Exercise details:
Locate the line that contains "Fix t = (t1, t2)" in the entries below, then repeat it and every following line through the line that contains "are still thick", exactly, and no others.

Dataset:
━━━━━━━━━━━━━━━━━━━━━━━━━━━━━━

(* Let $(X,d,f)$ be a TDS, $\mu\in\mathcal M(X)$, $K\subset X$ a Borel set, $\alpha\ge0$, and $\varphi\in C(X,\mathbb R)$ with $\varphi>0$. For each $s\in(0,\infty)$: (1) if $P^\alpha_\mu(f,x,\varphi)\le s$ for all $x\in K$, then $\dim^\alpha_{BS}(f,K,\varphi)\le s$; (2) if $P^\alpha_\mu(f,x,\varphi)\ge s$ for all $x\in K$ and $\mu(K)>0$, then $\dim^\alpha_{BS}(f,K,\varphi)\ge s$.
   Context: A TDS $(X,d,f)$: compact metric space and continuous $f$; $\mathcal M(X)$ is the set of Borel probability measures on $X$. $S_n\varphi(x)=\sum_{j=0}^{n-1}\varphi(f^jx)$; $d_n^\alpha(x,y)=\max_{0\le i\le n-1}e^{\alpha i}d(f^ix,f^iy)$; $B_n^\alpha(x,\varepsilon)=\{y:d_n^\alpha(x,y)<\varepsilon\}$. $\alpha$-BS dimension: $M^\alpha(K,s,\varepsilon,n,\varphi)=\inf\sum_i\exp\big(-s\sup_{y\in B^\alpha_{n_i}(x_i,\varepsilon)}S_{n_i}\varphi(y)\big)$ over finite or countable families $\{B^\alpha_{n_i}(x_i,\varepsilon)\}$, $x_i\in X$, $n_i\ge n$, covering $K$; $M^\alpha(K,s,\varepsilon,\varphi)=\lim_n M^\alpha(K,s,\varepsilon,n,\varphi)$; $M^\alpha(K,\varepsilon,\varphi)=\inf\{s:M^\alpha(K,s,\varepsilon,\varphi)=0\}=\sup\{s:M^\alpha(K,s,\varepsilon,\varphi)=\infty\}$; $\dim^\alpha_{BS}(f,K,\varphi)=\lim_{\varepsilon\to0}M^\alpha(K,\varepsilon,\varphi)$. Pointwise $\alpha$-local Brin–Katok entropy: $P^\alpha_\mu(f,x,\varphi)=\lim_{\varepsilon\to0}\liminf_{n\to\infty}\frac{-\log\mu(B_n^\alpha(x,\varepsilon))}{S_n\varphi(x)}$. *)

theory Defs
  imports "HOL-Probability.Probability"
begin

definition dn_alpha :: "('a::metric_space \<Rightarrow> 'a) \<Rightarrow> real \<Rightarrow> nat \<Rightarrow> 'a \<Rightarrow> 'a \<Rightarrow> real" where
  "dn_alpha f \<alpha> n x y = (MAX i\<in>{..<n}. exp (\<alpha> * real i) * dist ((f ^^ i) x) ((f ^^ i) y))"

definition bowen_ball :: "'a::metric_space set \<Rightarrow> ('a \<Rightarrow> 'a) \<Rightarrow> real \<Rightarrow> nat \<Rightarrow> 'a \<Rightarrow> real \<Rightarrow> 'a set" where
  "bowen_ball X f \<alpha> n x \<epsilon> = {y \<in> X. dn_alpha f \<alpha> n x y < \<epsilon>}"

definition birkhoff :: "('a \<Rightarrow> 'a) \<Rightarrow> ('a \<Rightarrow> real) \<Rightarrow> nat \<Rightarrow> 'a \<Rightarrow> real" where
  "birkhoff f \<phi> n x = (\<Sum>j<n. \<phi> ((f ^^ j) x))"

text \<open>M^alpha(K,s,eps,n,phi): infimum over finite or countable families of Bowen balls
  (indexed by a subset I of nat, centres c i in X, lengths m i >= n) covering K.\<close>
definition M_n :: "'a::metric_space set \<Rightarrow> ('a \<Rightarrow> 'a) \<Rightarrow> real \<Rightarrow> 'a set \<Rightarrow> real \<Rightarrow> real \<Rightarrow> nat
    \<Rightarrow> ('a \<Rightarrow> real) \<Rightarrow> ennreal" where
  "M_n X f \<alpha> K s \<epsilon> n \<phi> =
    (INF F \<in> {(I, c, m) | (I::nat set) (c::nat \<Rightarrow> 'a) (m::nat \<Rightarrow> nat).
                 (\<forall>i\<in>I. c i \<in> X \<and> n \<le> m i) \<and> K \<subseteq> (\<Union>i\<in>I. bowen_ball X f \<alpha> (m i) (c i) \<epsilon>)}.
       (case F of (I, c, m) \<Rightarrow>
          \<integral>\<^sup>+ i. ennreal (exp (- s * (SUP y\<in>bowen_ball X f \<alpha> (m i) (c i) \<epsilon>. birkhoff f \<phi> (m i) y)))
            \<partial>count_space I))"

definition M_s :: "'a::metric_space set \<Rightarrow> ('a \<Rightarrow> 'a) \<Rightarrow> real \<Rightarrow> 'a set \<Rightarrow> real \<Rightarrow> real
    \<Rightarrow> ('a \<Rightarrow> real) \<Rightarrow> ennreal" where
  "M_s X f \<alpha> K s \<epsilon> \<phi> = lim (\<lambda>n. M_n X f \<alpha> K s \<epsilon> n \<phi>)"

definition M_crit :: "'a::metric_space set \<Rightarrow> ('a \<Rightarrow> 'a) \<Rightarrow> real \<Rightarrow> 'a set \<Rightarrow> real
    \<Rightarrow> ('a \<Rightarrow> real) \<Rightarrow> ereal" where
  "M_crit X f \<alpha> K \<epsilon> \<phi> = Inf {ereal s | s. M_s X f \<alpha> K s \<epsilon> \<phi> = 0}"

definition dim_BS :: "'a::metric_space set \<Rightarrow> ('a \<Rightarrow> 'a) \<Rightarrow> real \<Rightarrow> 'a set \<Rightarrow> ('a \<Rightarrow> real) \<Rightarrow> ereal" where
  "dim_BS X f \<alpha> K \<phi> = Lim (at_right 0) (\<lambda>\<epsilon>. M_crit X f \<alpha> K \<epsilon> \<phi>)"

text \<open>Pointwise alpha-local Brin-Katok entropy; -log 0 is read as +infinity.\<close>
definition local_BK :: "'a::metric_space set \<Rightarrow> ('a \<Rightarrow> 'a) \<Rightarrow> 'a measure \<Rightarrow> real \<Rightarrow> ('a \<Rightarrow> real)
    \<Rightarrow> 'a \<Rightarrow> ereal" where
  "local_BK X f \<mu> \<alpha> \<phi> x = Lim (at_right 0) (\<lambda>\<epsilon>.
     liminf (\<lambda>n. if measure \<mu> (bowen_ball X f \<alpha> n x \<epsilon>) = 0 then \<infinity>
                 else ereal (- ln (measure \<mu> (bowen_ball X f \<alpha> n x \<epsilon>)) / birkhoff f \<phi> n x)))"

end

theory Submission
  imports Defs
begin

━━━━━━━━━━━━━━━━━━━━━━━━━━━━━━

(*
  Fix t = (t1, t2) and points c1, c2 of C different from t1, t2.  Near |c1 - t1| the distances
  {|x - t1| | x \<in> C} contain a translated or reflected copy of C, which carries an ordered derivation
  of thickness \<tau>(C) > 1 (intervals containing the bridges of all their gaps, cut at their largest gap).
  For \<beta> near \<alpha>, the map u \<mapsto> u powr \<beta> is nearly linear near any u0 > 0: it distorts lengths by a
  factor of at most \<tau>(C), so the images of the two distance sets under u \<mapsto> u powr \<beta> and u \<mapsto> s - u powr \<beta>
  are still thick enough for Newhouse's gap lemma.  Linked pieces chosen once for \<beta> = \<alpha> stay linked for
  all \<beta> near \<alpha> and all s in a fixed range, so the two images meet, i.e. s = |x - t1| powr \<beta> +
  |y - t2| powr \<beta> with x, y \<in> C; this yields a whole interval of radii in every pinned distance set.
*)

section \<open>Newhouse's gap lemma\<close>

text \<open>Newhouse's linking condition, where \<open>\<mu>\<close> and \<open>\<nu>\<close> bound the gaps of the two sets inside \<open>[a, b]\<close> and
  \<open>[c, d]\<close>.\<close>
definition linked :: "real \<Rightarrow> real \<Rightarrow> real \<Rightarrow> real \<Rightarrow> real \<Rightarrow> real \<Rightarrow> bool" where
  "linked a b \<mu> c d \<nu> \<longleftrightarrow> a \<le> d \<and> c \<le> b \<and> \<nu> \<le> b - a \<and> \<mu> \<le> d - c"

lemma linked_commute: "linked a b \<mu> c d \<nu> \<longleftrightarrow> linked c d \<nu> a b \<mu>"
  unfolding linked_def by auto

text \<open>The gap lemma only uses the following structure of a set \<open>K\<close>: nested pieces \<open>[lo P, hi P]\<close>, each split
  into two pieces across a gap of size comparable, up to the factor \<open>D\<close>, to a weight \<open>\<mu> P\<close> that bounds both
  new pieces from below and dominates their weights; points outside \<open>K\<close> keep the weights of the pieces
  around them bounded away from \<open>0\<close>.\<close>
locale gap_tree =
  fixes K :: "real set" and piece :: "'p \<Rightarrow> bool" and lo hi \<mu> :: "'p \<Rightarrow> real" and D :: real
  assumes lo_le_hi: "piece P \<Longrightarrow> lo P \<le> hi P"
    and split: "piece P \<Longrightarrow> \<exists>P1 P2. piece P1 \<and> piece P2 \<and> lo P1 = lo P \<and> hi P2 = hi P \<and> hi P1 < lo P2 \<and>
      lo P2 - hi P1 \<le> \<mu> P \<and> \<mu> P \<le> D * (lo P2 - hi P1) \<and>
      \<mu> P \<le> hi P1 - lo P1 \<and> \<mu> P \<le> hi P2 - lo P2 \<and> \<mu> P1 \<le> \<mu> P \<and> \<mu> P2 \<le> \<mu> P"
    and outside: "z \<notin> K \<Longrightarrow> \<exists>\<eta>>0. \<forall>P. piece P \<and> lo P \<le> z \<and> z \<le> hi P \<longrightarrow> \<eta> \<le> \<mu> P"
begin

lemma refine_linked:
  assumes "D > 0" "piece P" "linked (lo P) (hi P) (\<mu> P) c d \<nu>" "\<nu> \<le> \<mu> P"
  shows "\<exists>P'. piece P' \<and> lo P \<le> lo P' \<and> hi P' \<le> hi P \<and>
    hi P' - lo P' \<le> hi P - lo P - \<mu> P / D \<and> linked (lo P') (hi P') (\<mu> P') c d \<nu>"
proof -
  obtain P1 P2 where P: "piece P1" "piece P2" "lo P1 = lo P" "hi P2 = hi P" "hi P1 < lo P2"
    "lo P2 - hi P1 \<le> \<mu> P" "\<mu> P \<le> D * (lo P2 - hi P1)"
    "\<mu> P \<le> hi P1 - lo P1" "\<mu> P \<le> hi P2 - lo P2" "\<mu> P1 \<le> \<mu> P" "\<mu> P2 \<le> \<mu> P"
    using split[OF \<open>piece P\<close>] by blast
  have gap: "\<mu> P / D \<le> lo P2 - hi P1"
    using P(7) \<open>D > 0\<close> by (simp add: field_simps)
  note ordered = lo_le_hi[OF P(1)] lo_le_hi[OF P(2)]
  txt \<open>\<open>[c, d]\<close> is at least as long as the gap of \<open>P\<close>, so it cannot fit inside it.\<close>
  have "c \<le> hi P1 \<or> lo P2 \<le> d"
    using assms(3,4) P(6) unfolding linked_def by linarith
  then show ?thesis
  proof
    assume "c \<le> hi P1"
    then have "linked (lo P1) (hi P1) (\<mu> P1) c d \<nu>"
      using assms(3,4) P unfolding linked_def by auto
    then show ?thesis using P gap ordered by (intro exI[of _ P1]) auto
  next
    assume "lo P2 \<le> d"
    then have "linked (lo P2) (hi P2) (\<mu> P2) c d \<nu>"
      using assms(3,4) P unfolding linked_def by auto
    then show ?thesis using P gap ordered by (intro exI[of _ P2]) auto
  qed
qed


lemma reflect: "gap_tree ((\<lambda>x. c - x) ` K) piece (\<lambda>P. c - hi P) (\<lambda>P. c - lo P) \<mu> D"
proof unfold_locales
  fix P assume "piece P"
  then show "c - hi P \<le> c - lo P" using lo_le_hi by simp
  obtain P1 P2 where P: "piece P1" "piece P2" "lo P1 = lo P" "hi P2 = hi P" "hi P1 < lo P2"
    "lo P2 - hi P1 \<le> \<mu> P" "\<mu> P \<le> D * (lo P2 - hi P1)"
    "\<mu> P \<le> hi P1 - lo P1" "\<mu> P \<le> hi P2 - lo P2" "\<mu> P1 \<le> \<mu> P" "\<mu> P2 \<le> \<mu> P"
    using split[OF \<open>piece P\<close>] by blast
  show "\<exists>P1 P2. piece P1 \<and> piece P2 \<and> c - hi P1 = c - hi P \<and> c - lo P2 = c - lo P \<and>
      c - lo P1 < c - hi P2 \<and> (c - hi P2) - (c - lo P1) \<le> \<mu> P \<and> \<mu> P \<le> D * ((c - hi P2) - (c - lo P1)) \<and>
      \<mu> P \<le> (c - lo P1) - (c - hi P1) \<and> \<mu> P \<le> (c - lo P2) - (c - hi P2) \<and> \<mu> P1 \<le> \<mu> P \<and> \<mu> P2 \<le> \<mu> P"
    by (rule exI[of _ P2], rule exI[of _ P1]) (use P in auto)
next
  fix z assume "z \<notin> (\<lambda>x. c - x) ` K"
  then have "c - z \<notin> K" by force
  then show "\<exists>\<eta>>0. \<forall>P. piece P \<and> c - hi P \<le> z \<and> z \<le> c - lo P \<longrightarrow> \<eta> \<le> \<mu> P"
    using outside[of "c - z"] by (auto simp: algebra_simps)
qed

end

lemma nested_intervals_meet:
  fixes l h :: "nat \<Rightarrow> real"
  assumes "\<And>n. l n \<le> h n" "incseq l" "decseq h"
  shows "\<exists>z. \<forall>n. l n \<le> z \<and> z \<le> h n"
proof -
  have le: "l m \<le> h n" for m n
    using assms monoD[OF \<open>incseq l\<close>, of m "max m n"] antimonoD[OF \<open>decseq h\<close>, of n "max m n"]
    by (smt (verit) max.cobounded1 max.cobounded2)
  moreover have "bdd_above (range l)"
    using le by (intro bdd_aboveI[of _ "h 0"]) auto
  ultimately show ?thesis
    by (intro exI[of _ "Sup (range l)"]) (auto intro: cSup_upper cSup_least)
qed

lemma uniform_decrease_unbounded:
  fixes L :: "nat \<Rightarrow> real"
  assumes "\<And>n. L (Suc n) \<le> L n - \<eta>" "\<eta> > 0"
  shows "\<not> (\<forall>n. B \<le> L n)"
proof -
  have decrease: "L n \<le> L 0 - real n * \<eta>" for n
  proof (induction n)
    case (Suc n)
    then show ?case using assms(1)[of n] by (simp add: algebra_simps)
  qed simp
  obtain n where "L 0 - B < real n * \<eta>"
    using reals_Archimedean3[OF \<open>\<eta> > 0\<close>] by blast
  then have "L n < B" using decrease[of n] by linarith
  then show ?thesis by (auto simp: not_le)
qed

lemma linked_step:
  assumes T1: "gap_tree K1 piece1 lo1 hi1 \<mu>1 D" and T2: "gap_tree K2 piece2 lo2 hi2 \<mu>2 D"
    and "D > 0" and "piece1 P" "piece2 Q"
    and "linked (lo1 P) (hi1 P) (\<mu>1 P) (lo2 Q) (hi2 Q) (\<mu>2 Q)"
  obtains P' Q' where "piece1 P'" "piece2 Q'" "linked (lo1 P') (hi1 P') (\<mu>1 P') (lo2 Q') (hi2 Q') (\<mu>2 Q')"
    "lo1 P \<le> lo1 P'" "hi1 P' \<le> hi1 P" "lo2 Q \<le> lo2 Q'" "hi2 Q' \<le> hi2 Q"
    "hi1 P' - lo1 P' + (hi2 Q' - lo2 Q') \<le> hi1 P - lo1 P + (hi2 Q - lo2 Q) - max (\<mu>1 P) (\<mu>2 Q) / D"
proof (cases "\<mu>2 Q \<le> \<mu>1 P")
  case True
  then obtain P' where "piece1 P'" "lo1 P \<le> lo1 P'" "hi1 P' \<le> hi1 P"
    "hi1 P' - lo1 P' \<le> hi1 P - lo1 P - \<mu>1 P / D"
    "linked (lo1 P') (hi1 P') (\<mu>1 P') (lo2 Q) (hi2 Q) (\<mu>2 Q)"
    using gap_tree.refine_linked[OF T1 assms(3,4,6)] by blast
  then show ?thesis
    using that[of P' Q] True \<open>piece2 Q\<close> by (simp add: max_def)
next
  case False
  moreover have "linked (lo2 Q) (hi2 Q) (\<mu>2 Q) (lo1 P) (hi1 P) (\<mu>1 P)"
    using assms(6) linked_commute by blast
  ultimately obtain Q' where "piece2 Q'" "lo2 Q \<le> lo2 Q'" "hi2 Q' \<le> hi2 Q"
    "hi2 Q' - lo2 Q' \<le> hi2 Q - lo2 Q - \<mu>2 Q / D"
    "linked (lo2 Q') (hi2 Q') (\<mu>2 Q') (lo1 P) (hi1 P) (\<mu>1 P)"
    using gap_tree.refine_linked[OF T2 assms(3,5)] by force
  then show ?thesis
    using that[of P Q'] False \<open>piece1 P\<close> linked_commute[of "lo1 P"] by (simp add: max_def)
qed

━━━━━━━━━━━━━━━━━━━━━━━━━━━━━━

Answer to this task:
  Fix t = (t1, t2) and points c1, c2 of C different from t1, t2.  Near |c1 - t1| the distances
  {|x - t1| | x \<in> C} contain a translated or reflected copy of C, which carries an ordered derivation
  of thickness \<tau>(C) > 1 (intervals containing the bridges of all their gaps, cut at their largest gap).
  For \<beta> near \<alpha>, the map u \<mapsto> u powr \<beta> is nearly linear near any u0 > 0: it distorts lengths by a
  factor of at most \<tau>(C), so the images of the two distance sets under u \<mapsto> u powr \<beta> and u \<mapsto> s - u powr \<beta>
  are still thick enough for Newhouse's gap lemma.  Linked pieces chosen once for \<beta> = \<alpha> stay linked for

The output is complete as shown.